__Activity__
Among the lines below, copy exactly those from the one with "inverse (\<Sum>i\<in>UNIV. theta_star" through the one with "min 1 (pi_theta", counting both ends.

[Stored items]

(* Assume (A1) and (A2). For each $\theta\in\Theta$ the series $\widehat H_\theta=\sum_{n\ge0}\big(P_\theta^nH(\cdot,\theta)-h(\theta)\big)$ converges uniformly on $\mathsf X$ and $\widehat H_\theta$ solves the Poisson equation $\widehat H_\theta-P_\theta\widehat H_\theta=H(\cdot,\theta)-h(\theta)$. Moreover $\sup_{\theta\in\Theta,x\in\mathsf X}|\widehat H_\theta(x)|<\infty$, and there exists a constant $C>0$ such that for all $\theta,\theta'\in\Theta$, $$\sup_{x\in\mathsf X}\Big\{\big|\widehat H_\theta(x)-\widehat H_{\theta'}(x)\big|+\big|P_\theta\widehat H_\theta(x)-P_{\theta'}\widehat H_{\theta'}(x)\big|\Big\}\le C\,\frac{|\theta-\theta'|}{\min_{1\le i\le d}\{\theta(i)\wedge\theta'(i)\}}.$$
   Context: Setting: $(\mathsf X,\mathcal X)$ Polish space with Borel $\sigma$-algebra and $\sigma$-finite reference measure $\lambda$; $\pi$ a probability density w.r.t. $\lambda$; $d\ge2$; $\mathsf X_1,\dots,\mathsf X_d$ a measurable partition of $\mathsf X$; $I(x)=i$ iff $x\in\mathsf X_i$; $\theta_\star(i)=\int_{\mathsf X_i}\pi\,d\lambda$; $\Theta=\{\theta\in(0,1)^d:\sum_i\theta(i)=1\}$; $\pi_\theta(x)=\big(\sum_{i}\theta_\star(i)/\theta(i)\big)^{-1}\sum_{i}\frac{\pi(x)}{\theta(i)}\mathbf 1_{\mathsf X_i}(x)$; $H_i(x,\theta)=\theta(i)(\mathbf 1_{\mathsf X_i}(x)-\theta(I(x)))$ (vector-valued, components handled coordinatewise), $h(\theta)=\int H(x,\theta)\pi_\theta(x)\lambda(dx)$; $|\cdot|$ is the Euclidean norm. (A1): $0<\inf\pi\le\sup\pi<\infty$ and $\min_i\theta_\star(i)>0$. (A2): $P_\theta$ is the Metropolis–Hastings kernel with target $\pi_\theta\,d\lambda$, symmetric proposal density $q$ w.r.t. $\lambda$ with $\inf_{\mathsf X^2}q>0$, acceptance $1\wedge\pi_\theta(y)/\pi_\theta(x)$. *)

theory Defs
  imports "HOL-Probability.Probability"
begin

definition cellidx :: "('d::finite \<Rightarrow> 'a set) \<Rightarrow> 'a \<Rightarrow> 'd" where
  "cellidx Xs x = (THE i. x \<in> Xs i)"

definition theta_star :: "'a measure \<Rightarrow> ('a \<Rightarrow> real) \<Rightarrow> ('d::finite \<Rightarrow> 'a set) \<Rightarrow> real^'d" where
  "theta_star lam p Xs = (\<chi> i. (\<integral>x\<in>Xs i. p x \<partial>lam))"

definition Theta :: "(real^'d::finite) set" where
  "Theta = {\<theta>. (\<forall>i. 0 < \<theta>$i \<and> \<theta>$i < 1) \<and> (\<Sum>i\<in>UNIV. \<theta>$i) = 1}"

definition pi_theta :: "'a measure \<Rightarrow> ('a \<Rightarrow> real) \<Rightarrow> ('d::finite \<Rightarrow> 'a set) \<Rightarrow> real^'d \<Rightarrow> 'a \<Rightarrow> real" where
  "pi_theta lam p Xs \<theta> x =
     inverse (\<Sum>i\<in>UNIV. theta_star lam p Xs $ i / \<theta>$i) *
     (\<Sum>i\<in>UNIV. p x / \<theta>$i * indicator (Xs i) x)"

definition Hfun :: "('d::finite \<Rightarrow> 'a set) \<Rightarrow> 'a \<Rightarrow> real^'d \<Rightarrow> real^'d" where
  "Hfun Xs x \<theta> = (\<chi> i. \<theta>$i * (indicator (Xs i) x - \<theta>$(cellidx Xs x)))"

definition hmean :: "'a measure \<Rightarrow> ('a \<Rightarrow> real) \<Rightarrow> ('d::finite \<Rightarrow> 'a set) \<Rightarrow> real^'d \<Rightarrow> real^'d" where
  "hmean lam p Xs \<theta> = (\<integral>x. pi_theta lam p Xs \<theta> x *\<^sub>R Hfun Xs x \<theta> \<partial>lam)"

text \<open>Metropolis--Hastings kernel P_theta with target pi_theta d lambda and proposal
  density q, acting on a (bounded measurable) real function f:
  P f(x) = int f(y) alpha(x,y) q(x,y) lambda(dy) + (1 - int alpha(x,y) q(x,y) lambda(dy)) f(x),
  with alpha(x,y) = 1 min pi_theta(y)/pi_theta(x).\<close>
definition MH_accept :: "'a measure \<Rightarrow> ('a \<Rightarrow> real) \<Rightarrow> ('d::finite \<Rightarrow> 'a set) \<Rightarrow> real^'d \<Rightarrow> 'a \<Rightarrow> 'a \<Rightarrow> real" where
  "MH_accept lam p Xs \<theta> x y = min 1 (pi_theta lam p Xs \<theta> y / pi_theta lam p Xs \<theta> x)"

definition MH_op :: "'a measure \<Rightarrow> ('a \<Rightarrow> real) \<Rightarrow> ('d::finite \<Rightarrow> 'a set) \<Rightarrow> ('a \<Rightarrow> 'a \<Rightarrow> real)
    \<Rightarrow> real^'d \<Rightarrow> ('a \<Rightarrow> real) \<Rightarrow> 'a \<Rightarrow> real" where
  "MH_op lam p Xs q \<theta> f x =
     (\<integral>y. f y * MH_accept lam p Xs \<theta> x y * q x y \<partial>lam)
     + (1 - (\<integral>y. MH_accept lam p Xs \<theta> x y * q x y \<partial>lam)) * f x"

definition MH_vec :: "'a measure \<Rightarrow> ('a \<Rightarrow> real) \<Rightarrow> ('d::finite \<Rightarrow> 'a set) \<Rightarrow> ('a \<Rightarrow> 'a \<Rightarrow> real)
    \<Rightarrow> real^'d \<Rightarrow> ('a \<Rightarrow> real^'d) \<Rightarrow> 'a \<Rightarrow> real^'d" where
  "MH_vec lam p Xs q \<theta> F x = (\<chi> i. MH_op lam p Xs q \<theta> (\<lambda>y. F y $ i) x)"

definition Hterm :: "'a measure \<Rightarrow> ('a \<Rightarrow> real) \<Rightarrow> ('d::finite \<Rightarrow> 'a set) \<Rightarrow> ('a \<Rightarrow> 'a \<Rightarrow> real)
    \<Rightarrow> real^'d \<Rightarrow> nat \<Rightarrow> 'a \<Rightarrow> real^'d" where
  "Hterm lam p Xs q \<theta> n =
     (\<lambda>x. (MH_vec lam p Xs q \<theta> ^^ n) (\<lambda>y. Hfun Xs y \<theta>) x - hmean lam p Xs \<theta>)"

__Answer to this task__
     inverse (\<Sum>i\<in>UNIV. theta_star lam p Xs $ i / \<theta>$i) *
     (\<Sum>i\<in>UNIV. p x / \<theta>$i * indicator (Xs i) x)"

definition Hfun :: "('d::finite \<Rightarrow> 'a set) \<Rightarrow> 'a \<Rightarrow> real^'d \<Rightarrow> real^'d" where
  "Hfun Xs x \<theta> = (\<chi> i. \<theta>$i * (indicator (Xs i) x - \<theta>$(cellidx Xs x)))"

definition hmean :: "'a measure \<Rightarrow> ('a \<Rightarrow> real) \<Rightarrow> ('d::finite \<Rightarrow> 'a set) \<Rightarrow> real^'d \<Rightarrow> real^'d" where
  "hmean lam p Xs \<theta> = (\<integral>x. pi_theta lam p Xs \<theta> x *\<^sub>R Hfun Xs x \<theta> \<partial>lam)"

text \<open>Metropolis--Hastings kernel P_theta with target pi_theta d lambda and proposal
  density q, acting on a (bounded measurable) real function f:
  P f(x) = int f(y) alpha(x,y) q(x,y) lambda(dy) + (1 - int alpha(x,y) q(x,y) lambda(dy)) f(x),
  with alpha(x,y) = 1 min pi_theta(y)/pi_theta(x).\<close>
definition MH_accept :: "'a measure \<Rightarrow> ('a \<Rightarrow> real) \<Rightarrow> ('d::finite \<Rightarrow> 'a set) \<Rightarrow> real^'d \<Rightarrow> 'a \<Rightarrow> 'a \<Rightarrow> real" where
  "MH_accept lam p Xs \<theta> x y = min 1 (pi_theta lam p Xs \<theta> y / pi_theta lam p Xs \<theta> x)"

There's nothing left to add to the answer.